JCI’s stake in Letseng Holdings - which owns 76% of Letseng Diamonds - sits in the special purpose vehicle (SPV) to which Investec lent R460m. Also in that SPV, are the 200 million preference shares JCI owns in Matodzi which holds 50% of Letseng Holdings.

All the assets in the SPV are pledged as collateral to Investec Bank for the funds it is putting up to refinance JCI.

Investec executive Dennis Tucker - who is running the bid process - declines to name the seven parties that are still in the running for ownership of Letseng.

But market sources believe they are: De Beers; a consortium made up of Royal Bafokeng Resources (RBR), the Industrial Development Corporation and diversified Canadian junior miner Etruscan; Trans Hex; Canadian junior diamond company Aber; a consortium led by Clifford Elphick; a Russian consortium, and a Beny Steinmetz-led consortium.

Elphick was the MD of Oppenheimer family company EO & Son who resigned this year after deciding to go into the diamond business for himself and recruiting a number of De Beers executives to join him.

Steinmetz is predominantly a diamond trader and cutter. Aber owns 40% of Rio Tinto’ s Diavik diamond mine in Canada’s North West Territories.

Apart from the identities of the bidders, the other burning issue is precisely how the sale of Letseng Diamonds will be handled because the logistics are intricately entwined with whatever is going on in the JCI saga.

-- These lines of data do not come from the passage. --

lemma top_count_bounds:
  assumes S: "S \<in> first_sets"
  shows "1 \<le> top_count S \<and> top_count S \<le> k"
proof
  have "{x \<in> S. item_rank k x = top_rank S} \<noteq> {}"
    using top_rank_attained[OF S] by blast
  then show "1 \<le> top_count S"
    using first_setD(3)[OF S] by (simp add: top_count_def Suc_le_eq card_gt_0_iff)
  have "top_count S \<le> card {x \<in> items. item_rank k x = top_rank S}"
    unfolding top_count_def using first_setD(1)[OF S] by (intro card_mono) auto
  then show "top_count S \<le> k"
    using top_rank_bounds[OF S] card_items_rank_eq by simp
qed

lemma finite_first_sets: "finite first_sets"
  unfolding first_sets_def by (rule finite_subset[of _ "Pow items"]) auto

lemma card_eligible_items:
  assumes S: "S \<in> first_sets"
  shows "card (eligible_items S) = k - top_count S + k * (n - top_rank S)"
proof -
  define m where "m = top_rank S"
  have m: "1 \<le> m" "m \<le> n"
    using top_rank_bounds[OF S] by (auto simp: m_def)
  have "eligible_items S = {x \<in> items. m \<le> item_rank k x} - {x \<in> S. item_rank k x = m}" (is "_ = ?D")
  proof (rule set_eqI)
    fix x
    have "x \<in> S \<Longrightarrow> item_rank k x \<le> m"
      using item_rank_le_top_rank[OF S] by (simp add: m_def)
    then show "x \<in> eligible_items S \<longleftrightarrow> x \<in> {x \<in> items. m \<le> item_rank k x} - {x \<in> S. item_rank k x = m}"
      using first_setD(1)[OF S] unfolding eligible_items_def m_def by auto
  qed
  then have "card (eligible_items S) = card ?D"
    by simp
  also have "\<dots> = card {x \<in> items. m \<le> item_rank k x} - card {x \<in> S. item_rank k x = m}"
    using first_setD(1,3)[OF S] by (intro card_Diff_subset) auto
  also have "card {x \<in> items. m \<le> item_rank k x} = k + k * (n - m)"
  proof -
    have "n = (m - 1) + (1 + (n - m))"
      using m by simp
    then have "k * n = k * ((m - 1) + (1 + (n - m)))"
      by (rule arg_cong)
    then have "k * n = k * (m - 1) + (k + k * (n - m))"
      by (simp only: add_mult_distrib2 nat_mult_1_right)
    then show ?thesis
      unfolding items_rank_ge by simp
  qed
  finally show ?thesis
    using top_count_bounds[OF S] by (simp add: m_def top_count_def)
qed

lemma card_best_items:
  assumes S: "S \<in> first_sets"
  shows "card (best_items S) = (if top_rank S < n then k else k - top_count S)"
proof -
  have card_n: "card {x \<in> items. item_rank k x = n} = k"
    using n by (intro card_items_rank_eq) auto
  show ?thesis
  proof (cases "top_rank S < n")
    case True
    have "best_items S = {x \<in> items. item_rank k x = n}"
    proof (rule set_eqI)
      fix x
      have "x \<in> S \<Longrightarrow> item_rank k x < n"
        using item_rank_le_top_rank[OF S] True by fastforce
      then show "x \<in> best_items S \<longleftrightarrow> x \<in> {x \<in> items. item_rank k x = n}"
        unfolding best_items_def by auto
    qed
    then show ?thesis
      using True card_n by simp
  next
    case False
    then have "top_rank S = n"
      using top_rank_bounds[OF S] by simp
    then have "best_items S = {x \<in> items. item_rank k x = n} - {x \<in> S. item_rank k x = top_rank S}"
      (is "_ = ?D") by (auto simp: best_items_def)
    then have "card (best_items S) = card ?D"
      by simp
    also have "\<dots> = card {x \<in> items. item_rank k x = n} - top_count S"
      unfolding top_count_def using first_setD(1,3)[OF S] \<open>top_rank S = n\<close> by (intro card_Diff_subset) auto
    finally show ?thesis
      using False card_n by simp
  qed
qed

lemma card_best_div_card_eligible:
  assumes S: "S \<in> first_sets"
  shows "real (card (best_items S)) / real (card (eligible_items S)) =
    cond_win_prob k (n - top_rank S) (top_count S)"
  using top_rank_bounds[OF S]
  by (simp add: card_best_items[OF S] card_eligible_items[OF S] cond_win_prob_def)

lemma top_count_le_M: "S \<in> first_sets \<Longrightarrow> top_count S \<le> M"
  using first_setD(2,3)[of S] card_mono[of S "{x \<in> S. item_rank k x = top_rank S}"]
  by (auto simp: top_count_def)

lemma union_in_first_sets_top:
  assumes j: "1 \<le> j" "j \<le> M"
    and A: "A \<subseteq> {x \<in> items. item_rank k x = m}" "card A = j"
    and B: "B \<subseteq> {x \<in> items. item_rank k x < m}" "card B = M - j"
  shows "A \<union> B \<in> first_sets \<and> top_rank (A \<union> B) = m \<and> top_count (A \<union> B) = j"
proof -
  have fin: "finite A" "finite B"
    by (rule finite_subset[OF A(1)], simp, rule finite_subset[OF B(1)], simp)
  have rank_A: "item_rank k x = m" if "x \<in> A" for x
    using that A(1) by auto
  have rank_B: "item_rank k x < m" if "x \<in> B" for x
    using that B(1) by auto
  have "A \<inter> B = {}"
    using rank_A rank_B by fastforce
  then have "A \<union> B \<in> first_sets"
    using A B j(2) card_Un_disjoint[OF fin] unfolding first_sets_def by auto
  moreover have "top_rank (A \<union> B) = m"
  proof -
    obtain a where "a \<in> A"
      using A(2) j(1) by fastforce
    moreover have "item_rank k x \<le> m" if "x \<in> A \<union> B" for x
      using that rank_A rank_B by fastforce
    ultimately show ?thesis
      unfolding top_rank_def using fin rank_A by (intro Max_eqI) auto
  qed
  moreover have "{x \<in> A \<union> B. item_rank k x = m} = A"
    using rank_A rank_B by fastforce
  ultimately show ?thesis
    using A by (simp add: top_count_def)
qed

lemma first_sets_top_eq_image:
  fixes m j :: nat
  assumes j: "1 \<le> j" "j \<le> M"
  defines "R \<equiv> {x \<in> items. item_rank k x = m}" and "L \<equiv> {x \<in> items. item_rank k x < m}"
  shows "{S \<in> first_sets. top_rank S = m \<and> top_count S = j} =
    (\<lambda>(A, B). A \<union> B) ` ({A. A \<subseteq> R \<and> card A = j} \<times> {B. B \<subseteq> L \<and> card B = M - j})"
    (is "_ = _ ` ?D")
proof -
  have RL: "finite R" "finite L" "R \<inter> L = {}"
    by (auto simp: R_def L_def)
  show ?thesis
  proof (intro equalityI subsetI)
    fix S assume "S \<in> {S \<in> first_sets. top_rank S = m \<and> top_count S = j}"
    then have S: "S \<in> first_sets" "top_rank S = m" "top_count S = j"
      by auto
    have "x \<in> R \<or> x \<in> L" if "x \<in> S" for x
    proof -
      have "item_rank k x \<le> m" "x \<in> items"
        using that S item_rank_le_top_rank[of S x] first_setD(1)[OF S(1)] by auto
      then show ?thesis
        by (auto simp: R_def L_def)
    qed
    then have S_eq: "S = (S \<inter> R) \<union> (S \<inter> L)"
      by blast
    have "S \<inter> R = {x \<in> S. item_rank k x = top_rank S}"
      using first_setD(1)[OF S(1)] S(2) by (auto simp: R_def)
    then have "card (S \<inter> R) = j"
      using S(3) by (simp add: top_count_def)
    moreover have "card (S \<inter> R) + card (S \<inter> L) = M"
    proof -
      have "(S \<inter> R) \<inter> (S \<inter> L) = {}"
        using RL(3) by blast
      then show ?thesis
        using card_Un_disjoint[of "S \<inter> R" "S \<inter> L"] RL S_eq first_setD(2)[OF S(1)] by simp
    qed
    ultimately have "(S \<inter> R, S \<inter> L) \<in> ?D"
      by auto
    then show "S \<in> (\<lambda>(A, B). A \<union> B) ` ?D"
      by (rule rev_image_eqI) (simp only: prod.case S_eq[symmetric])
  next
    fix S assume "S \<in> (\<lambda>(A, B). A \<union> B) ` ?D"
    then show "S \<in> {S \<in> first_sets. top_rank S = m \<and> top_count S = j}"
      using union_in_first_sets_top[OF j] unfolding R_def L_def by auto
  qed
qed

Letseng is, in fact, one of JCI’s few material assets. One mining industry source points out that it qualifies as "Schedule 1" asset in terms of JSE regulations.

That means JCI is required to publish a circular to shareholders concerning the financial impact of the deal on the company and then win approval for the sale of the asset at a special meeting of shareholders.

As part of that circular to shareholders, JCI would have to publish its latest financial statistics to illustrate the effect of the disposal.

Those corporate governance mechanisms are simply not possible at this stage because of the on-going uncertainty over JCI where, on November 10, CEO Peter Gray announced a further delay in publication of the results for its financial year to end-March 2005.

He said the forensic audit process being carried out was proving more time-consuming than originally anticipated and would be completed only at the end of December. Auditors KPMG would then review the draft financial statement for publication as soon as possible after that.

Gray repeated his previous comment that shareholders should not rely on the previous year’s financial statements until the forensic audit and internal investigation were complete.

Asked about the corporate governance steps required of JCI for the disposal of its holding in Letseng, JCI spokesman Brian Gibson replied that: "JCI will act only within the rules of and with the approval of the JSE."

One other point raised by the industry source concerns Investec’s role in deciding the fate of the funds from the sale. Estimates on Letseng’s worth range as high as R900m. JCI’s share would flow into the SPV.

Said Gibson: "Should any funds be raised through the approved sale of any assets, these would be applied in terms of the facility arrangements as set out in the announcement to JCI shareholders on 30 August 2005."

Tucker said that: "All due processes will be observed in terms of the rules and regulations of the JSE, the SRP and and the Companies Act. That’s the only way this can be done."